First, I apologize, I meant to right that the polynomial being modded out of Q[x] is x^2 - 3, not x^3 - 3.

So that being said, I understand that f(x)^2 - 3 = 0 implies that f(x) = sqrt(3).

But then how would one generalize this?

Well, f(q)=q for $$q\in \mathbb{Q}$$ and $$f(x)=\sqrt{3}$$.

So $$f(a+bx)=a+b\sqrt{3}$$ and $$f(a+bx+cx^2)=a+b\sqrt{3}+c\sqrt{3}^2=a+3c+b\sqrt{3}$$. Now try to generalize what I'm doing here...
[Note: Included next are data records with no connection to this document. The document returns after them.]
(* Let $n\ge2$ and $Q\in SU_n$ with eigenvalues $\mu_1,\dots,\mu_n$ (with multiplicity). Let $s(Q)$ be the multiplicity of $-1$ as an eigenvalue of $Q$ (possibly $0$), $\zeta(Q):=\frac1{2\pi}\sum_{j=1}^n\arg(\mu_j)$, $m(Q):=\min\{\|X\|_\phi^2:X\in\mathfrak{su}_n,\ \exp(X)=Q\}$ and $\Theta(Q):=\{X\in\mathfrak{su}_n:\exp(X)=Q,\ \|X\|_\phi^2=m(Q)\}$. Then the following are equivalent: (i) $\mathfrak{su}_n\text{--}plog(Q)\ne\emptyset$; (ii) $\zeta(Q)\in\{0,1,\dots,s(Q)\}$; (iii) $m(Q)=\sum_{j=1}^n(\arg(\mu_j))^2$. Moreover, if any of these conditions holds, then $\Theta(Q)=\mathfrak{su}_n\text{--}plog(Q)$.
   Context: $SU_n$ is the special unitary group, $\mathfrak{su}_n$ its Lie algebra of traceless skew-Hermitian matrices, $\|X\|_\phi=\sqrt{\mathrm{tr}(XX^* )}$ the Frobenius norm, $\arg(z)\in(-\pi,\pi]$ the principal argument. A generalized principal $\mathfrak{su}_n$-logarithm of $Q$ is a matrix $X\in\mathfrak{su}_n$ with $\exp(X)=Q$ such that every eigenvalue $\lambda$ of $X$ satisfies $-\pi\le\mathrm{Im}(\lambda)\le\pi$; $\mathfrak{su}_n\text{--}plog(Q)$ is the set of all of them. *)

theory Defs
  imports "HOL-Analysis.Complex_Transcendental" "Jordan_Normal_Form.Char_Poly"
begin

definition cadj :: "complex mat \<Rightarrow> complex mat" where
  "cadj A = mat (dim_col A) (dim_row A) (\<lambda>(i,j). cnj (A $$ (j,i)))"

definition mtrace :: "complex mat \<Rightarrow> complex" where
  "mtrace A = (\<Sum>i<dim_row A. A $$ (i,i))"

definition mexp :: "complex mat \<Rightarrow> complex mat" where
  "mexp X = mat (dim_row X) (dim_col X)
     (\<lambda>(i,j). \<Sum>k. (X ^\<^sub>m k) $$ (i,j) / of_nat (fact k))"

definition frob2 :: "complex mat \<Rightarrow> real" where
  "frob2 X = (\<Sum>i<dim_row X. \<Sum>j<dim_col X. (cmod (X $$ (i,j)))\<^sup>2)"

definition SU :: "nat \<Rightarrow> complex mat set" where
  "SU n = {Q \<in> carrier_mat n n. Q * cadj Q = 1\<^sub>m n \<and> det Q = 1}"

definition su :: "nat \<Rightarrow> complex mat set" where
  "su n = {X \<in> carrier_mat n n. cadj X = - X \<and> mtrace X = 0}"

definition eigs :: "complex mat \<Rightarrow> complex multiset" where
  "eigs Q = proots (char_poly Q)"

definition s_mult :: "complex mat \<Rightarrow> nat" where
  "s_mult Q = count (eigs Q) (-1)"

definition zeta :: "complex mat \<Rightarrow> real" where
  "zeta Q = (\<Sum>\<^sub># (image_mset Arg (eigs Q))) / (2 * pi)"

definition m_min :: "nat \<Rightarrow> complex mat \<Rightarrow> real" where
  "m_min n Q = Inf {frob2 X | X. X \<in> su n \<and> mexp X = Q}"

definition Theta :: "nat \<Rightarrow> complex mat \<Rightarrow> complex mat set" where
  "Theta n Q = {X \<in> su n. mexp X = Q \<and> frob2 X = m_min n Q}"

definition su_plog :: "nat \<Rightarrow> complex mat \<Rightarrow> complex mat set" where
  "su_plog n Q = {X \<in> su n. mexp X = Q \<and>
      (\<forall>l. eigenvalue X l \<longrightarrow> - pi \<le> Im l \<and> Im l \<le> pi)}"

end

theory Submission
  imports Defs "Jordan_Normal_Form.Schur_Decomposition"
    "HOL-Computational_Algebra.Fundamental_Theorem_Algebra"
begin

(* Every X in su_n is unitarily diagonalisable, X = U diag(i t_1, ..., i t_n) U^*, with
   sum t_j = 0, |X|^2 = sum t_j^2 and exp X = U diag(e^(i t_j)) U^*.  So the su_n-logarithms of Q
   correspond to zero-sum lifts t_j of the eigenvalue angles of Q, and the principal ones to lifts
   in [-pi, pi].  A lift in [-pi, pi] differs from arg mu_j only by replacing pi with -pi, which
   lowers sum arg mu_j by 2 pi; hence a principal lift exists iff zeta(Q) is one of 0, ..., s(Q).
   Always t_j^2 >= arg(e^(i t_j))^2, with equality iff |t_j| <= pi, and for |t_j| > pi the excess
   is bounded below by a constant depending only on the finitely many eigenvalues.  Hence m(Q)
   equals sum arg(mu_j)^2 iff a principal logarithm exists, and the minimisers are then exactly
   the principal logarithms. *)

unbundle no vec_syntax

lemma cadj_dims [simp]: "dim_row (cadj A) = dim_col A" "dim_col (cadj A) = dim_row A"
  by (auto simp: cadj_def)

lemma cadj_carrier [simp]: "A \<in> carrier_mat nr nc \<Longrightarrow> cadj A \<in> carrier_mat nc nr"
  by (auto simp: cadj_def)

lemma cadj_index [simp]:
  "i < dim_col A \<Longrightarrow> j < dim_row A \<Longrightarrow> cadj A $$ (i,j) = cnj (A $$ (j,i))"
  by (auto simp: cadj_def)

lemma cadj_cadj [simp]: "cadj (cadj A) = A"
  by (rule eq_matI) auto

lemma cadj_one [simp]: "cadj (1\<^sub>m n) = 1\<^sub>m n"
  by (rule eq_matI) auto

lemma cadj_mult:
  assumes "A \<in> carrier_mat n m" "B \<in> carrier_mat m k"
  shows "cadj (A * B) = cadj B * cadj A"
  by (rule eq_matI) (use assms in \<open>auto simp: scalar_prod_def mult.commute intro!: sum.cong\<close>)

lemma cadj_mult_index:
  assumes "A \<in> carrier_mat n m" "B \<in> carrier_mat n k" "i < m" "j < k"
  shows "(cadj A * B) $$ (i,j) = col B j \<bullet>c col A i"
  using assms by (auto simp: scalar_prod_def mult.commute intro!: sum.cong)

lemma cscalar_prod_self: "w \<bullet>c w = of_real (\<Sum>i<dim_vec w. (cmod (w $ i))\<^sup>2)"
proof -
  have "w \<bullet>c w = (\<Sum>i<dim_vec w. w $ i * cnj (w $ i))"
    by (simp add: scalar_prod_def atLeast0LessThan)
  also have "\<dots> = (\<Sum>i<dim_vec w. of_real ((cmod (w $ i))\<^sup>2))"
    by (simp only: complex_norm_square)
  finally show ?thesis by simp
qed

abbreviation normal_mat :: "complex mat \<Rightarrow> bool" where
  "normal_mat A \<equiv> A * cadj A = cadj A * A"

lemma mat_diag_dims [simp]: "dim_row (mat_diag n f) = n" "dim_col (mat_diag n f) = n"
  by (auto simp: mat_diag_def)

lemma mat_diag_index [simp]:
  "i < n \<Longrightarrow> j < n \<Longrightarrow> mat_diag n f $$ (i,j) = (if i = j then f i else 0)"
  by (simp add: mat_diag_def)

lemma cadj_mat_diag: "cadj (mat_diag n f) = mat_diag n (\<lambda>i. cnj (f i))"
  by (rule eq_matI) auto

lemma uminus_mat_diag: "- mat_diag n f = mat_diag n (\<lambda>i. - f i :: complex)"
  by (rule eq_matI) auto

lemma upper_triangular_mat_diag: "upper_triangular (mat_diag n f)"
  by (auto simp: upper_triangular_def)

lemma diag_mat_mat_diag: "diag_mat (mat_diag n f) = map f [0..<n]"
  by (auto simp: diag_mat_def)

lemma mat_diag_cong: "(\<And>i. i < n \<Longrightarrow> f i = g i) \<Longrightarrow> mat_diag n f = mat_diag n g"
  by (rule eq_matI) auto

lemma mat_diag_eqD: "mat_diag n f = mat_diag n g \<Longrightarrow> i < n \<Longrightarrow> f i = g i"
  by (metis mat_diag_index)

definition unitary_mat :: "nat \<Rightarrow> complex mat \<Rightarrow> bool" where
  "unitary_mat n U \<longleftrightarrow> U \<in> carrier_mat n n \<and> cadj U * U = 1\<^sub>m n"

lemma unitary_matD:
  assumes "unitary_mat n U"
  shows "U \<in> carrier_mat n n" "cadj U \<in> carrier_mat n n"
    "cadj U * U = 1\<^sub>m n" "U * cadj U = 1\<^sub>m n"
  using assms mat_mult_left_right_inverse[of "cadj U" n U] by (auto simp: unitary_mat_def)

lemma unitary_mat_mult:
  assumes U: "unitary_mat n U" and V: "unitary_mat n V"
  shows "unitary_mat n (U * V)"
proof -
  note UV = unitary_matD[OF U] unitary_matD[OF V]
  have "cadj (U * V) * (U * V) = cadj V * ((cadj U * U) * V)"
    using UV(1,2,5,6) by (simp add: cadj_mult[of U n n V n] assoc_mult_mat[of _ n n _ n _ n])
  also have "\<dots> = 1\<^sub>m n"
    using UV by simp
  finally show ?thesis
    using UV unfolding unitary_mat_def by auto
qed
I understand what you're doing there.

Two more things:

How do I prove that this a homomorphism?

Also, wouldn't 0 also be in the kernel? Is this allowed for the First Isomorphism Theorem?

Hmm, showing that this is a homomorphism is indeed not so easy.

First take a general polymial and calculate

$$f\left(\sum_{k=0}^n{a_kx^k}\right)$$

This will help you. Then with this information, you only need to calculate

$$f\left(\sum_{k=0}^n{a_kx^k}+\sum_{k=0}^n{b_kx^k}\right)$$

and

$$f\left(\sum_{k=0}^n{a_kx^k}\sum_{k=0}^n{b_kx^k}\right)$$.

As for the other question. Of course 0 is going to be in our kernel, and this is not a problem. The first isomorphism theorem requires us that the kernel equals $$(x^2-3)$$, that is: the ideal generated by $$x^2-3$$. And 0 is in this ideal...

To show that "evaluation at $$\sqrt{3}$$" is a homomorphism, it's actually a little easier to prove a general theorem that "evaluation maps are homomorphisms":

If $$A \subset B$$ are rings and $$\xi \in B$$, then the "evaluation at $$\xi$$" map $$\mathrm{ev}_\xi: A[X] \to B$$ given by extending the inclusion map $$A \hookrightarrow B$$ by sending $$X \mapsto \xi$$ is a homomorphism.

(You can generalize this a little further by letting $$A$$ be embedded in $$B$$ via a homomorphism $$\varphi: A \to B$$ rather than directly a subring of $$B$$; then the evaluation map extends $$\varphi$$ by sending $$X \mapsto \xi$$, rather than extending the inclusion map.)